С каждым пересказом менялись мелкие детали: однажды Па Рам стал пони, а не конем — проговорилась, да и мост над рекой иногда больше напоминал камни брода в ручье. Но никакие изменения не умаляли нашей любви к истории. Мы всегда вздыхали: сначала довольно, потом с тоской по утраченному миру. И никогда не просили повторить то, что случилось потом: Ён Маль и Ми Чжа — служанка, ставшая ей как младшая сестра, — пропали по дороге на рынок, отправившись за сладостями для Па Рама.
— Надо было не выпускать мужа из объятий, — пробормотала Ён Маль себе под нос, охрипнув от сожаления, — надо было сказать, как я полюбила его за такой короткий срок.
Ми Чжа начала всхлипывать, задыхаясь. В молчании мы впитывали часть их тоски и хоронили в яме у себя внутри. Чжа Ён, лежа рядом с Ми Чжа, крепко прижала ее к своей большой груди. Потом нашарила припрятанный в кармане кусочек карамели и ласково вложила в ладошку служанки.
Мы с Ён Маль были очень похожи. Обе смышленые и упрямые, как говорили остальные. Старались не плакать перед нашими похитителями утешения. Даже внешне мы были как две капли воды: того же роста и веса, с высокими скулами и слегка квадратными подбородками, чем и привлекали, и отторгали мужчин. «Вас легко можно принять за сестер», — однажды не удержался и сказал Дзёба-сан, всего с пары шагов спутав меня с Анзу. Общей была и наша страсть к историям.
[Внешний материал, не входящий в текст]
section \<open>Dickson's lemma\<close>

lemma nat_seq_mono_subseq:
  fixes s :: "nat \<Rightarrow> nat"
  obtains r :: "nat \<Rightarrow> nat" where "strict_mono r" "mono (s \<circ> r)"
proof -
  obtain r where r: "strict_mono r" "monoseq (\<lambda>n. s (r n))"
    using seq_monosub by blast
  show ?thesis
  proof (cases "\<forall>m n. m \<le> n \<longrightarrow> s (r m) \<le> s (r n)")
    case True
    then have "mono (s \<circ> r)"
      by (intro monoI) simp
    with r(1) show ?thesis by (rule that)
  next
    case False
    then have dec: "s (r n) \<le> s (r m)" if "m \<le> n" for m n
      using r(2) that unfolding monoseq_def by blast
    obtain N where N: "\<forall>n. s (r N) \<le> s (r n)"
      using ex_has_least_nat[of "\<lambda>_. True" 0 "\<lambda>n. s (r n)"] by blast
    have "strict_mono (\<lambda>n. r (n + N))"
      using r(1) by (simp add: strict_mono_def)
    moreover have "s (r (n + N)) = s (r N)" for n
      using dec[of N "n + N"] N by (simp add: order_antisym)
    then have "mono (s \<circ> (\<lambda>n. r (n + N)))"
      by (intro monoI) simp
    ultimately show ?thesis by (rule that)
  qed
qed

lemma finite_coords_mono_subseq:
  fixes f :: "nat \<Rightarrow> 'c \<Rightarrow> nat"
  assumes "finite C"
  shows "\<exists>r :: nat \<Rightarrow> nat. strict_mono r \<and> (\<forall>c\<in>C. mono (\<lambda>n. f (r n) c))"
  using assms
proof (induction C rule: finite_induct)
  case empty
  show ?case by (intro exI[of _ id]) (simp add: strict_mono_def)
next
  case (insert x C)
  then obtain r :: "nat \<Rightarrow> nat" where r: "strict_mono r" "\<forall>c\<in>C. mono (\<lambda>n. f (r n) c)"
    by blast
  obtain r' :: "nat \<Rightarrow> nat" where r': "strict_mono r'" "mono ((\<lambda>n. f (r n) x) \<circ> r')"
    by (rule nat_seq_mono_subseq[of "\<lambda>n. f (r n) x"])
  have "mono (\<lambda>n. f (r (r' n)) c)" if "c \<in> insert x C" for c
  proof (rule monoI)
    fix m n :: nat
    assume "m \<le> n"
    show "f (r (r' m)) c \<le> f (r (r' n)) c"
    proof (cases "c = x")
      case True
      then show ?thesis using monoD[OF r'(2) \<open>m \<le> n\<close>] by simp
    next
      case False
      then have "mono (\<lambda>n. f (r n) c)" using r(2) that by simp
      moreover have "r' m \<le> r' n"
        using strict_mono_less_eq[OF r'(1)] \<open>m \<le> n\<close> by blast
      ultimately show ?thesis by (rule monoD)
    qed
  qed
  then show ?case
    using strict_mono_o[OF r(1) r'(1)] by (intro exI[of _ "r \<circ> r'"]) (simp add: o_def)
qed

lemma multiset_seq_subset_pair:
  fixes M :: "nat \<Rightarrow> 'a multiset" and g :: "nat \<Rightarrow> 'b"
  assumes "finite X" "\<And>i. set_mset (M i) \<subseteq> X" "finite (range g)"
  obtains i j where "i < j" "g i = g j" "set_mset (M i) = set_mset (M j)" "M i \<subseteq># M j"
proof -
  define col where "col i = (g i, set_mset (M i))" for i
  have "range col \<subseteq> range g \<times> Pow X"
    using assms(2) by (auto simp: col_def)
  then have "finite (range col)"
    using assms(1,3) by (meson finite_Pow_iff finite_SigmaI finite_subset)
  then obtain i0 where Y: "infinite {i. col i = col i0}"
    using pigeonhole_infinite[of "UNIV :: nat set" col] by auto
  define e where "e = enumerate {i. col i = col i0}"
  obtain r :: "nat \<Rightarrow> nat" where r: "strict_mono r" "\<forall>c\<in>X. mono (\<lambda>n. count (M (e (r n))) c)"
    using finite_coords_mono_subseq[OF assms(1), of "\<lambda>n. count (M (e n))"] by blast
  let ?i = "e (r 0)" and ?j = "e (r 1)"
  have "?i < ?j"
    using r(1) strict_mono_enumerate[OF Y] by (simp add: e_def strict_mono_def)
  moreover have "col ?i = col ?j"
    using enumerate_in_set[OF Y] by (simp add: e_def)
  moreover have "M ?i \<subseteq># M ?j"
  proof (rule mset_subset_eqI)
    fix c
    show "count (M ?i) c \<le> count (M ?j) c"
    proof (cases "c \<in> X")
      case True
      then show ?thesis using r(2) by (auto simp: mono_def)
    next
      case False
      then show ?thesis using assms(2) by (metis count_eq_zero_iff subsetD zero_le)
    qed
  qed
  ultimately show ?thesis
    by (intro that[of ?i ?j]) (simp_all add: col_def)
qed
Но в отличие от Ён Маль, которая держалась за истории из дома, я своих избегала. Особенно последнего воспоминания о маме. Как после смерти отца она с каждым днем сбрасывала слой за слоем. Как ее растущий живот словно высасывал из нее разум, ее остроумие. Не за эту историю о маме мне хотелось держаться. Я не могла переступить эту пропасть между моей любимой мамой, энергичной современной женщиной, водившей дочурку на уроки английского к иностранным миссионерам, и той сероглазой мышкой, чья воля к жизни съежилась вместе с кончиной деспота.
Моя тяжелая жизнь была полна насилия. Отец своими кулаками и ртом сожрал мое детство. Станция утешения отняла мою юность. Но я так и не почувствовала себя женщиной. Нет, я видела в своих глазах старуху — сгорбленную, больше ничему не удивляющуюся да и ничего не ждущую от жизни, не считая неизбежного конца.
Но время от времени, отчаянно стараясь не сойти с ума, я вспоминала землю своей родной деревни, Хёгури. Вспоминала березовую рощу, где мшисто-зеленые листья сохраняли почву влажной и теплой круглый год. В детстве я ела ту землю. Любила смаковать ее текстуру, и нежную, и колючую, ее теплый ореховый вкус, таивший удивительно горькую, металлическую пикантность. После смерти отца, когда мы похоронили его в березовой роще, я перестала есть землю. Снова начала только на станции, после первой смерти девушки для утешения. Это была Су Ри: ее одолела тоска по дому. Накануне ее смерти меня охватило желание попробовать землю на станции в надежде, что это вернет хотя бы мои чувства в некогда знакомый мир, в березовую рощу родной деревни. Но почва Семаранга — совсем не почва Хёгури. Слишком мелкая, слишком шелковистая, текстура сродни песку или мелу — ни капли той металлической горечи, которой мне не хватало.
Когда меня подвела земля, я прокралась в чужое убежище: затерялась в историях Ён Маль, проживая ее детство, пусть даже мимолетно. Во время этих воображаемых похождений я была ею — любимой дочерью, до станции не знавшей зла, — и дарила ее истории другую концовку вместо гибели в этом месте: возвращение к кроткому отцу, крепкой матери, в изящные объятия ее стройного возлюбленного, который так и не перестал ждать.
Действительность была не так красива, как истории, что мы втайне рассказывали друг другу по ночам.
Некоторые из нас забеременели, и малышей вырвали из утроб. Мы чудом пережили процедуру, но лишились надежды на другого ребенка.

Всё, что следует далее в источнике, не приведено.